There are n numbered seats around a round table. Total number of ways in which `n_(1)(n_(1) lt n)` persons can sit around the round table, is equal to

To find the total number of ways in which \( n_1 \) persons can sit around a round table with \( n \) numbered seats (where \( n_1 < n \)), we can follow these steps: ### Step-by-Step Solution: 1. **Understanding the Problem**: We have \( n \) seats around a round table and we want to arrange \( n_1 \) persons in these seats. Since the table is round, the arrangement is circular, which affects how we count the arrangements. 2. **Choosing Seats**: First, we need to choose \( n_1 \) seats from the \( n \) available seats. The number of ways to choose \( n_1 \) seats from \( n \) is given by the combination formula: \[ \binom{n}{n_1} = \frac{n!}{n_1!(n-n_1)!} \] 3. **Arranging Persons**: After choosing the \( n_1 \) seats, we can arrange the \( n_1 \) persons in those seats. The number of ways to arrange \( n_1 \) persons is given by \( n_1! \). 4. **Total Arrangements**: Since the arrangement around a round table is considered the same if rotated, we can use the formula for permutations of \( n_1 \) persons in \( n \) seats.

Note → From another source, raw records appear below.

(* In the setting described in the context, $\frac{qAB-q^{-1}BA}{q-q^{-1}}=abI$, $\frac{qBA^*-q^{-1}A^*B}{q-q^{-1}}=a^*bI$, $\frac{qA^*B^*-q^{-1}B^*A^*}{q-q^{-1}}=a^*b^*I$, $\frac{qB^*A-q^{-1}AB^*}{q-q^{-1}}=ab^*I$.
   Context: $\mathbb K$ is an algebraically closed field, $q\in\mathbb K$ nonzero and not a root of unity, $V$ a nonzero finite-dimensional $\mathbb K$-vector space. A tridiagonal pair on $V$ is an ordered pair $A,A^*$ of linear maps $V\to V$ such that: (i) each of $A,A^*$ is diagonalizable; (ii) there is an ordering $V_0,\dots,V_d$ of the eigenspaces of $A$ with $A^*V_i\subseteq V_{i-1}+V_i+V_{i+1}$ ($V_{-1}=V_{d+1}=0$); (iii) there is an ordering $V^*_0,\dots,V^*_\delta$ of the eigenspaces of $A^*$ with $AV^*_i\subseteq V^*_{i-1}+V^*_i+V^*_{i+1}$ ($V^*_{-1}=V^*_{\delta+1}=0$); (iv) no subspace $W\ne0,V$ satisfies $AW\subseteq W$, $A^*W\subseteq W$. It is known $d=\delta$; orderings as in (ii),(iii) are called standard. Setting: $A,A^*$ is a tridiagonal pair on $V$; $V_0,\dots,V_d$ (resp. $V^*_0,\dots,V^*_d$) is a standard ordering of the eigenspaces of $A$ (resp. $A^*$); the eigenvalue of $A$ on $V_i$ is $aq^{2i-d}$ and that of $A^*$ on $V^*_i$ is $a^*q^{d-2i}$ ($0\le i\le d$) for some nonzero $a,a^*\in\mathbb K$; $b,b^*\in\mathbb K$ are nonzero. For $0\le i\le d$ the subspaces $(V^*_0+\cdots+V^*_i)\cap(V_0+\cdots+V_{d-i})$ form a decomposition of $V$ (their sum is direct, equals $V$, each is nonzero), as do the subspaces $(V^*_{d-i}+\cdots+V^*_d)\cap(V_i+\cdots+V_d)$. $B:V\to V$ is the linear map acting as $bq^{2i-d}I$ on $(V^*_0+\cdots+V^*_i)\cap(V_0+\cdots+V_{d-i})$ for each $i$, and $B^*:V\to V$ is the linear map acting as $b^*q^{d-2i}I$ on $(V^*_{d-i}+\cdots+V^*_d)\cap(V_i+\cdots+V_d)$ for each $i$. *)

theory Defs
  imports Main "HOL-Computational_Algebra.Polynomial"
begin

definition alg_closed_field :: "'k::field itself \<Rightarrow> bool" where
  "alg_closed_field _ \<longleftrightarrow> (\<forall>p::'k poly. degree p > 0 \<longrightarrow> (\<exists>x. poly p x = 0))"

definition eigenspace :: "('k::field \<Rightarrow> 'v::ab_group_add \<Rightarrow> 'v) \<Rightarrow> ('v \<Rightarrow> 'v) \<Rightarrow> 'k \<Rightarrow> 'v set" where
  "eigenspace scale A \<theta> = {v. A v = scale \<theta> v}"

definition eigenspaces :: "('k::field \<Rightarrow> 'v::ab_group_add \<Rightarrow> 'v) \<Rightarrow> ('v \<Rightarrow> 'v) \<Rightarrow> 'v set set" where
  "eigenspaces scale A = {eigenspace scale A \<theta> | \<theta>. eigenspace scale A \<theta> \<noteq> {0}}"

definition diagonalizable :: "('k::field \<Rightarrow> 'v::ab_group_add \<Rightarrow> 'v) \<Rightarrow> ('v \<Rightarrow> 'v) \<Rightarrow> bool" where
  "diagonalizable scale A \<longleftrightarrow> Vector_Spaces.linear scale scale A \<and>
     module.span scale (\<Union>(eigenspaces scale A)) = UNIV"

definition standard_ordering ::
  "('k::field \<Rightarrow> 'v::ab_group_add \<Rightarrow> 'v) \<Rightarrow> ('v \<Rightarrow> 'v) \<Rightarrow> ('v \<Rightarrow> 'v) \<Rightarrow> nat \<Rightarrow> (nat \<Rightarrow> 'v set) \<Rightarrow> bool" where
  "standard_ordering scale A B d Vs \<longleftrightarrow>
     inj_on Vs {0..d} \<and> Vs ` {0..d} = eigenspaces scale A \<and>
     (\<forall>i\<le>d. B ` Vs i \<subseteq> module.span scale
        ((if 0 < i then Vs (i - 1) else {}) \<union> Vs i \<union> (if i < d then Vs (i + 1) else {})))"

definition tridiagonal_pair ::
  "('k::field \<Rightarrow> 'v::ab_group_add \<Rightarrow> 'v) \<Rightarrow> ('v \<Rightarrow> 'v) \<Rightarrow> ('v \<Rightarrow> 'v) \<Rightarrow> bool" where
  "tridiagonal_pair scale A As \<longleftrightarrow>
     diagonalizable scale A \<and> diagonalizable scale As \<and>
     (\<exists>d Vs. standard_ordering scale A As d Vs) \<and>
     (\<exists>\<delta> Vss. standard_ordering scale As A \<delta> Vss) \<and>
     (\<forall>W. module.subspace scale W \<and> A ` W \<subseteq> W \<and> As ` W \<subseteq> W \<longrightarrow> W = {0} \<or> W = UNIV)"

definition is_decomposition ::
  "('k::field \<Rightarrow> 'v::ab_group_add \<Rightarrow> 'v) \<Rightarrow> nat \<Rightarrow> (nat \<Rightarrow> 'v set) \<Rightarrow> bool" where
  "is_decomposition scale d Ws \<longleftrightarrow>
     (\<forall>i\<le>d. Ws i \<noteq> {0}) \<and>
     module.span scale (\<Union>i\<le>d. Ws i) = UNIV \<and>
     (\<forall>vs. (\<forall>i\<le>d. vs i \<in> Ws i) \<and> (\<Sum>i\<le>d. vs i) = 0 \<longrightarrow> (\<forall>i\<le>d. vs i = 0))"

end

theory Submission
  imports Defs
begin

text \<open>
  Put U i = (V*_0 + ... + V*_i) \<inter> (V_0 + ... + V_(d-i)), on which B acts as b q^(2i-d). For u in
  U i write A u = a q^(d-2i) u + w. Subtracting the eigenvalue of V_(d-i) lowers the V-filtration by
  one step, and A, being tridiagonal on the V*_j, raises the V*-filtration by at most one step; hence
  w \<in> U (i+1), and w = 0 if i = d. So B multiplies w by q^2 times its eigenvalue on u, the w-terms
  of q A B u - q^-1 B A u cancel, and what is left is (q - q^-1) a b u. As the U i span V, this is
  the first identity. The other three are the same identity for the data with A, A* interchanged
  and q replaced by q^-1 (this maps the first decomposition to itself, reindexed by i \<mapsto> d - i),
  and/or with both standard orderings reversed (this maps the second decomposition to the first).
\<close>

context vector_space
begin

lemma linear_image_span_subset:
  assumes "Vector_Spaces.linear scale scale f" and "f ` S \<subseteq> span T"
  shows "f ` span S \<subseteq> span T"
proof -
  interpret f: Vector_Spaces.linear scale scale f by fact
  show ?thesis
    using assms(2) by (metis f.span_image span_minimal subspace_span)
qed

lemma eigen_diff_in_span_Diff:
  assumes X: "Vector_Spaces.linear scale scale X"
    and eigen: "\<And>j v. j \<in> J \<Longrightarrow> v \<in> V j \<Longrightarrow> X v = scale (t j) v"
    and v: "v \<in> span (\<Union>j\<in>J. V j)"
  shows "X v - scale (t k) v \<in> span (\<Union>j\<in>J - {k}. V j)"
proof -
  interpret pair: vector_space_pair scale scale ..
  let ?f = "\<lambda>v. X v - scale (t k) v"
  have "Vector_Spaces.linear scale scale ?f"
    using X linear_scale_self by (rule pair.linear_compose_sub)
  moreover have "?f ` V j \<subseteq> span (\<Union>j\<in>J - {k}. V j)" if "j \<in> J" for j
  proof (cases "j = k")
    case True then show ?thesis using eigen that by (auto simp: span_zero)
  next
    case False then show ?thesis using eigen that
      by (force simp: scale_left_diff_distrib[symmetric] intro: span_scale span_base)
  qed
  ultimately have "?f ` span (\<Union>j\<in>J. V j) \<subseteq> span (\<Union>j\<in>J - {k}. V j)"
    by (intro linear_image_span_subset) auto
  with v show ?thesis by blast
qed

The total number of arrangements is: \[ \text{Total Ways} = \binom{n}{n_1} \times n_1! = \frac{n!}{(n-n_1)!} \] 5. **Final Expression**: Thus, the total number of ways \( n_1 \) persons can sit around a round table with \( n \) seats is: \[ \frac{n!}{(n-n_1)!} \] ### Final Answer: The total number of ways in which \( n_1 \) persons can sit around the round table is: \[ \frac{n!}{(n-n_1)!} \]